Author: Paul Brunton
Publishers: Rider Books
Pages: 188

This book is in continuation with earlier book from Paul Brunton – ‘A Search in Secret India’, where Brunton travels around the country looking for a spiritual master. Having found one and learned from him, he sets off to isolation, now to practice.

‘A Hermit in the Himalayas’ describes Brunton’s days living in a secluded place in the mountains of Himachal Pradesh, away from rest of the world trying to meditate and learn to calm the mind. The book is mostly written like journal of his days of living in the mountains besides his reflection and attempts to meditate. He is not completely isolated from the world though, but has a servant to help him in his everyday activities, receives his letters regularly and responds to them and has some uninvited visitors, in all of which he finds things to write about, besides focusing on keeping his mind calm.

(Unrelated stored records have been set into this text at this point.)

definition perm_mat :: "nat \<Rightarrow> (nat \<Rightarrow> nat) \<Rightarrow> real mat" where
  "perm_mat n p = mat n n (\<lambda>(i, j). if i = p j then 1 else 0)"

lemma permutation_mat_perm_mat: "p permutes {..<n} \<Longrightarrow> permutation_mat n (perm_mat n p)"
  unfolding permutation_mat_def perm_mat_def by blast

lemma perm_mat_carrier: "perm_mat n p \<in> carrier_mat n n"
  unfolding perm_mat_def by simp

lemma mult_perm_mat_index:
  assumes "p permutes {..<n}" "A \<in> carrier_mat m n" "i < m" "j < n"
  shows "(A * perm_mat n p) $$ (i, j) = A $$ (i, p j)"
proof -
  have "p j < n" using assms(1,4) by (metis lessThan_iff permutes_in_image)
  then show ?thesis
    using assms(2-4)
    by (simp add: perm_mat_def scalar_prod_def if_distrib if_distribR cong: if_cong)
qed

lemma transpose_perm_mat_mult_index:
  assumes "p permutes {..<n}" "A \<in> carrier_mat n m" "i < n" "j < m"
  shows "(transpose_mat (perm_mat n p) * A) $$ (i, j) = A $$ (p i, j)"
proof -
  have "p i < n" using assms(1,3) by (metis lessThan_iff permutes_in_image)
  then show ?thesis
    using assms(2-4)
    by (simp add: perm_mat_def scalar_prod_def if_distrib if_distribR cong: if_cong)
qed

lemma laplacian_dom_adj_carrier: "laplacian (dom_adj n G) \<in> carrier_mat n n"
  unfolding laplacian_def dom_adj_def by (intro minus_carrier_mat mat_carrier)

lemma laplacian_dom_adj_index:
  assumes "a < n" "b < n" "(a, a) \<notin> G"
  shows "laplacian (dom_adj n G) $$ (a, b) =
    (if a = b then real (out_degree n G a) else if (a, b) \<in> G then -1 else 0)"
proof -
  have "out_deg (dom_adj n G) a = real (card ({..<n} \<inter> {u. (a, u) \<in> G}))"
    unfolding out_deg_def dom_adj_def using assms(1) by (simp add: sum.If_cases)
  also have "{..<n} \<inter> {u. (a, u) \<in> G} = {u. u < n \<and> (a, u) \<in> G}" by auto
  finally show ?thesis
    unfolding laplacian_def dom_adj_def out_degree_def using assms by auto
qed

(* The Laplacian of the dominance graph with an edge i -> j for every i < j. *)
definition ranked_laplacian :: "nat \<Rightarrow> real mat" where
  "ranked_laplacian n =
    mat n n (\<lambda>(i, j). if i = j then real (n - 1 - i) else if i < j then -1 else 0)"

lemma ranked_laplacian_conj:
  assumes "complete_dominance_graph n G"
  obtains p where "p permutes {..<n}"
    and "transpose_mat (perm_mat n p) * laplacian (dom_adj n G) * perm_mat n p = ranked_laplacian n"
proof -
  obtain p where p: "p permutes {..<n}"
    and edge: "\<And>i j. i < n \<Longrightarrow> j < n \<Longrightarrow> (p i, p j) \<in> G \<longleftrightarrow> i < j"
    and degree: "\<And>i. i < n \<Longrightarrow> out_degree n G (p i) = n - 1 - i"
    using complete_dominance_graph_ranking[OF assms] by blast
  have p_lt: "p i < n" if "i < n" for i using p that by (metis lessThan_iff permutes_in_image)
  have "transpose_mat (perm_mat n p) * laplacian (dom_adj n G) * perm_mat n p = ranked_laplacian n"
  proof (rule eq_matI)
    fix i j assume "i < dim_row (ranked_laplacian n)" "j < dim_col (ranked_laplacian n)"
    then have "i < n" "j < n" by (simp_all add: ranked_laplacian_def)
    have "(transpose_mat (perm_mat n p) * laplacian (dom_adj n G) * perm_mat n p) $$ (i, j)
        = (transpose_mat (perm_mat n p) * laplacian (dom_adj n G)) $$ (i, p j)"
      using \<open>i < n\<close> \<open>j < n\<close> p perm_mat_carrier laplacian_dom_adj_carrier
      by (intro mult_perm_mat_index) (auto intro!: mult_carrier_mat)
    also have "\<dots> = laplacian (dom_adj n G) $$ (p i, p j)"
      using \<open>i < n\<close> \<open>j < n\<close> p laplacian_dom_adj_carrier p_lt
      by (intro transpose_perm_mat_mult_index) auto
    also have "\<dots> = (if p i = p j then real (out_degree n G (p i))
        else if (p i, p j) \<in> G then -1 else 0)"
      using \<open>i < n\<close> \<open>j < n\<close>
      by (intro laplacian_dom_adj_index p_lt complete_dominance_graph_irrefl[OF assms])
    also have "\<dots> = ranked_laplacian n $$ (i, j)"
      using \<open>i < n\<close> \<open>j < n\<close> edge degree permutes_inj[OF p]
      by (simp add: ranked_laplacian_def inj_eq)
    finally show "(transpose_mat (perm_mat n p) * laplacian (dom_adj n G) * perm_mat n p) $$ (i, j)
        = ranked_laplacian n $$ (i, j)" .
  qed (simp_all add: ranked_laplacian_def perm_mat_def)
  with p show thesis by (rule that)
qed

definition upper_ones_mat :: "nat \<Rightarrow> real mat" where
  "upper_ones_mat n = mat n n (\<lambda>(i, j). if i \<le> j then 1 else 0)"

definition bidiag_diff_mat :: "nat \<Rightarrow> real mat" where
  "bidiag_diff_mat n =
    mat n n (\<lambda>(i, j). if i = j then 1 else if j = i + 1 then -1 else 0)"

lemma bidiag_diff_mat_row_sum:
  assumes "i < n"
  shows "(\<Sum>k = 0..<n. bidiag_diff_mat n $$ (i, k) * f k)
    = f i - (if i + 1 < n then f (i + 1) else 0)"
proof -
  have "(\<Sum>k = 0..<n. bidiag_diff_mat n $$ (i, k) * f k)
      = (\<Sum>k = 0..<n. (if k = i then f k else 0) - (if k = i + 1 then f k else 0))"
    using assms by (intro sum.cong) (auto simp: bidiag_diff_mat_def)
  then show ?thesis using assms by (simp add: sum_subtractf)
qed

lemma bidiag_diff_mat_col_sum:
  assumes "j < n"
  shows "(\<Sum>k = 0..<n. f k * bidiag_diff_mat n $$ (k, j))
    = f j - (if 0 < j then f (j - 1) else 0)"
proof -
  have "(\<Sum>k = 0..<n. f k * bidiag_diff_mat n $$ (k, j))
      = (\<Sum>k = 0..<n. (if k = j then f k else 0) - (if 0 < j \<and> k = j - 1 then f k else 0))"
    using assms by (intro sum.cong) (auto simp: bidiag_diff_mat_def)
  then show ?thesis using assms by (simp add: sum_subtractf)
qed

lemma inverts_mat_upper_ones_bidiag_diff: "inverts_mat (upper_ones_mat n) (bidiag_diff_mat n)"
  unfolding inverts_mat_def
proof (rule eq_matI)
  fix i j
  assume "i < dim_row (1\<^sub>m (dim_row (upper_ones_mat n)))"
    and "j < dim_col (1\<^sub>m (dim_row (upper_ones_mat n)))"
  then have "i < n" "j < n" by (simp_all add: upper_ones_mat_def)
  then have "(upper_ones_mat n * bidiag_diff_mat n) $$ (i, j)
      = (\<Sum>k = 0..<n. (if i \<le> k then 1 else 0) * bidiag_diff_mat n $$ (k, j))"
    by (simp add: upper_ones_mat_def bidiag_diff_mat_def scalar_prod_def)
  also have "\<dots> = 1\<^sub>m n $$ (i, j)"
    using \<open>i < n\<close> \<open>j < n\<close> by (subst bidiag_diff_mat_col_sum) auto
  finally show "(upper_ones_mat n * bidiag_diff_mat n) $$ (i, j)
      = 1\<^sub>m (dim_row (upper_ones_mat n)) $$ (i, j)"
    by (simp add: upper_ones_mat_def)
qed (simp_all add: upper_ones_mat_def bidiag_diff_mat_def)

lemma inverts_mat_bidiag_diff_upper_ones: "inverts_mat (bidiag_diff_mat n) (upper_ones_mat n)"
  unfolding inverts_mat_def
proof (rule eq_matI)
  fix i j
  assume "i < dim_row (1\<^sub>m (dim_row (bidiag_diff_mat n)))"
    and "j < dim_col (1\<^sub>m (dim_row (bidiag_diff_mat n)))"
  then have "i < n" "j < n" by (simp_all add: bidiag_diff_mat_def)
  then have "(bidiag_diff_mat n * upper_ones_mat n) $$ (i, j)
      = (\<Sum>k = 0..<n. bidiag_diff_mat n $$ (i, k) * (if k \<le> j then 1 else 0))"
    by (simp add: upper_ones_mat_def bidiag_diff_mat_def scalar_prod_def)
  also have "\<dots> = 1\<^sub>m n $$ (i, j)"
    using \<open>i < n\<close> \<open>j < n\<close> by (subst bidiag_diff_mat_row_sum) auto
  finally show "(bidiag_diff_mat n * upper_ones_mat n) $$ (i, j)
      = 1\<^sub>m (dim_row (bidiag_diff_mat n)) $$ (i, j)"
    by (simp add: bidiag_diff_mat_def)
qed (simp_all add: upper_ones_mat_def bidiag_diff_mat_def)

It would be difficult for the reader to perceive how one could write much sitting in a place isolated, but as one starts reading, it is evident that Brunton has enough to catch the attention. Read this as a continuation to ‘A Search in Secret India’

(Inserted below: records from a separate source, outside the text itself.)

(* Started from ^inf 0 . w 1 0^inf, the automaton keeps the door at |w| forever, never lets
   anything but 0, G, K appear left of the origin, and can only create doors. So the set of
   doors stabilises, and then every cell of [0, |w|] becomes quiescent (0 or 1), working
   leftwards from the last door: a door opens once its right neighbour is quiet, and inside a
   gap between doors first the ghosts (moving left, fed only by a G or D on their right), then
   the pacmen (moving right, fed only by a P on their left), then the keymasters die out.
   Hence after some time T the nonnegative half is a fixed word sigma over {0,1}.
   A K started at distance M + j >= T to the right walks left through empty space and arrives
   next to sigma at time M + j. From then on sigma K evolves as a single particle (K, D, G
   or P) travelling through the doors of sigma, and a lexicographic potential decreases at
   every step until the particle sits at the origin as G, K or D. *)

theory Submission
  imports Defs
begin

lemma pac_rule_door: "b \<in> {S1,SD} \<Longrightarrow> pac_rule a b c = (if c \<in> {SK,SD} then SD else S1)"
  by (cases a; cases b; cases c; simp add: pac_rule_def)

lemma pac_rule_left_irrelevant: "a \<in> {S0,SG,SK} \<Longrightarrow> pac_rule a b c = pac_rule S0 b c"
  by (cases a; cases b; cases c; simp add: pac_rule_def)

lemma pac_rule_left_closed: "a \<in> {S0,SG,SK} \<Longrightarrow> b \<in> {S0,SG,SK} \<Longrightarrow> pac_rule a b c \<in> {S0,SG,SK}"
  by (cases a; cases b; cases c; simp add: pac_rule_def)

lemma pac_rule_quiet: "a \<noteq> SP \<Longrightarrow> b \<in> {S0,S1} \<Longrightarrow> c \<in> {S0,S1,SP} \<Longrightarrow> pac_rule a b c = b"
  by (cases a; cases b; cases c; simp add: pac_rule_def)

lemma pac_rule_eq_SG_imp: "pac_rule a b c = SG \<Longrightarrow> c \<in> {SG,SD}"
  by (cases a; cases b; cases c; simp add: pac_rule_def)

lemma pac_rule_eq_SP_imp: "pac_rule a b c = SP \<Longrightarrow> a = S1 \<and> (b = SG \<or> c = SG) \<or> a = SP"
  by (cases a; cases b; cases c; simp add: pac_rule_def)

lemma pac_rule_eq_SK_imp: "pac_rule a b c = SK \<Longrightarrow> c = SK \<or> a = SP \<or> b = SP"
  by (cases a; cases b; cases c; simp add: pac_rule_def)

Book Review: A Search in Secret India

Book - A Search in Secret India

Author: Paul Brunton
Publishers: Rider Books
Pages: 312

Brunton’s book is a narration of his journeys across India with an important quest. He started from London to Bombay in spiritual quest, looking for a Guru. And he did this much before the Beetles came to Rishikesh or the flower children travelled to the east in big numbers looking for something they did not know what; the book is set in the pre-independence period.

‘A Search in Secret India’ takes the reader through the time he arrives in Bombay, travels south to plains of Deccan and again up north towards Benaras. On his way he meets many holy men, some genuine and some obviously fake. He also sees people who can perform actions that can’t be explained by physics, like turning a seed into a plant in a minute and people who are not affected by poison. Of the former he discovers to be a mere magical trick while the later remains unexplained, attributed to Yogic power. He goes on to explain much more about the wise men whom he meets who are no mere showmen but are uplifted souls at a higher spiritual plane, and sometimes he ponders on accepting them for his Guru. His long journeys lead him through many fascinating experiences but he finally finds his destination in a place where he began his search – in the abode of Ramana Maharshi in Thiruvannamalai.

Brunton’s descriptions are as fascinating as the people he meets and his narration holds the reader to go on. The book is mixed with his awe for the spiritual gurus but also portrays his English arrogance of the colonial period. It is a completely different travel book showing its reader of an India that is hardly known or written about.